• EXERCISE
Output the line that contains "text \<open>Neighbourhoods inside", then every line beneath it through the end of the records, exactly as given and with no other lines.
====
(* Let $D$ be a tournament missing disjoint paths of length 2 and let $C=a_1b_1c_1,\dots,a_kb_kc_k$ be a double cycle in $\Delta(D)$. Writing $v^-$ and $v^{++}$ for $N^-_{D[K(C)]}(v)$ and $N^{++}_{D[K(C)]}(v)$, for every $t\in\{1,\dots,k\}$ (indices modulo $k$): (1) if $c_t\notin a_t^-$, then $|a_t^{++}|=|a_t^-|$ when $b_{t+1}\in a_t^-$, and $|a_t^{++}|=|a_t^-|-1$ otherwise; (2) if $a_t\notin c_t^-$, then $|c_t^{++}|=|c_t^-|$ when $b_{t+1}\in c_t^-$, and $|c_t^{++}|=|c_t^-|-1$ otherwise; (3) $|b_t^{++}|=|b_t^-|+1$ when $b_{t+1}\in b_t^-$, and $|b_t^{++}|=|b_t^-|$ otherwise.
   Context: All digraphs are finite oriented graphs; $D[X]$ is the induced subdigraph. $N^+_H(v)$, $N^-_H(v)$ are out/in-neighborhoods in $H$; $N^{++}_H(v)$ is the set of vertices $w\notin N_H^+(v)\cup\{v\}$ with $u\to w$ in $H$ for some $u\in N_H^+(v)$. A missing edge is a pair of distinct non-adjacent vertices; the missing graph is formed by the missing edges. $D$ is a tournament missing disjoint paths of length 2 if its missing graph is a vertex-disjoint union of paths each with exactly two edges. For missing edges $\{x,y\},\{a,b\}$, $\{x,y\}$ loses to $\{a,b\}$ (written $xy\to ab$) if the endpoints can be labelled so that $x\to a$, $b\notin N^+(x)\cup N^{++}(x)$, $y\to b$, $a\notin N^+(y)\cup N^{++}(y)$ (neighborhoods in $D$). $\Delta(D)$ has the missing edges as vertices and arcs $(e,e')$ whenever $e$ loses to $e'$. For missing paths $abc$, $xyz$, $abc\to xyz$ means each of $ab,bc$ loses to each of $xy,yz$. A double cycle is a sequence $C=a_1b_1c_1,\dots,a_kb_kc_k$ ($k\ge2$) of distinct missing paths of length 2 (components of the missing graph, edges $a_ib_i,b_ic_i$) with $a_ib_ic_i\to a_{i+1}b_{i+1}c_{i+1}$ for all $i$, indices modulo $k$. $K(C)=\{a_i,b_i,c_i:1\le i\le k\}$. *)

theory Defs
  imports Main
begin

text \<open>A digraph is given by a vertex set V and an arc relation A (A x y means x -> y).\<close>

definition oriented_graph :: "'a set \<Rightarrow> ('a \<Rightarrow> 'a \<Rightarrow> bool) \<Rightarrow> bool" where
  "oriented_graph V A \<longleftrightarrow> finite V \<and> (\<forall>x y. A x y \<longrightarrow> x \<in> V \<and> y \<in> V)
     \<and> (\<forall>x. \<not> A x x) \<and> (\<forall>x y. A x y \<longrightarrow> \<not> A y x)"

text \<open>Neighbourhoods inside the induced subdigraph on S (take S = V for D itself).\<close>
definition Nout :: "('a \<Rightarrow> 'a \<Rightarrow> bool) \<Rightarrow> 'a set \<Rightarrow> 'a \<Rightarrow> 'a set" where
  "Nout A S v = {u \<in> S. A v u}"

definition Nin :: "('a \<Rightarrow> 'a \<Rightarrow> bool) \<Rightarrow> 'a set \<Rightarrow> 'a \<Rightarrow> 'a set" where
  "Nin A S v = {u \<in> S. A u v}"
====
• EXPECTED OUTPUT
text \<open>Neighbourhoods inside the induced subdigraph on S (take S = V for D itself).\<close>
definition Nout :: "('a \<Rightarrow> 'a \<Rightarrow> bool) \<Rightarrow> 'a set \<Rightarrow> 'a \<Rightarrow> 'a set" where
  "Nout A S v = {u \<in> S. A v u}"

definition Nin :: "('a \<Rightarrow> 'a \<Rightarrow> bool) \<Rightarrow> 'a set \<Rightarrow> 'a \<Rightarrow> 'a set" where
  "Nin A S v = {u \<in> S. A u v}"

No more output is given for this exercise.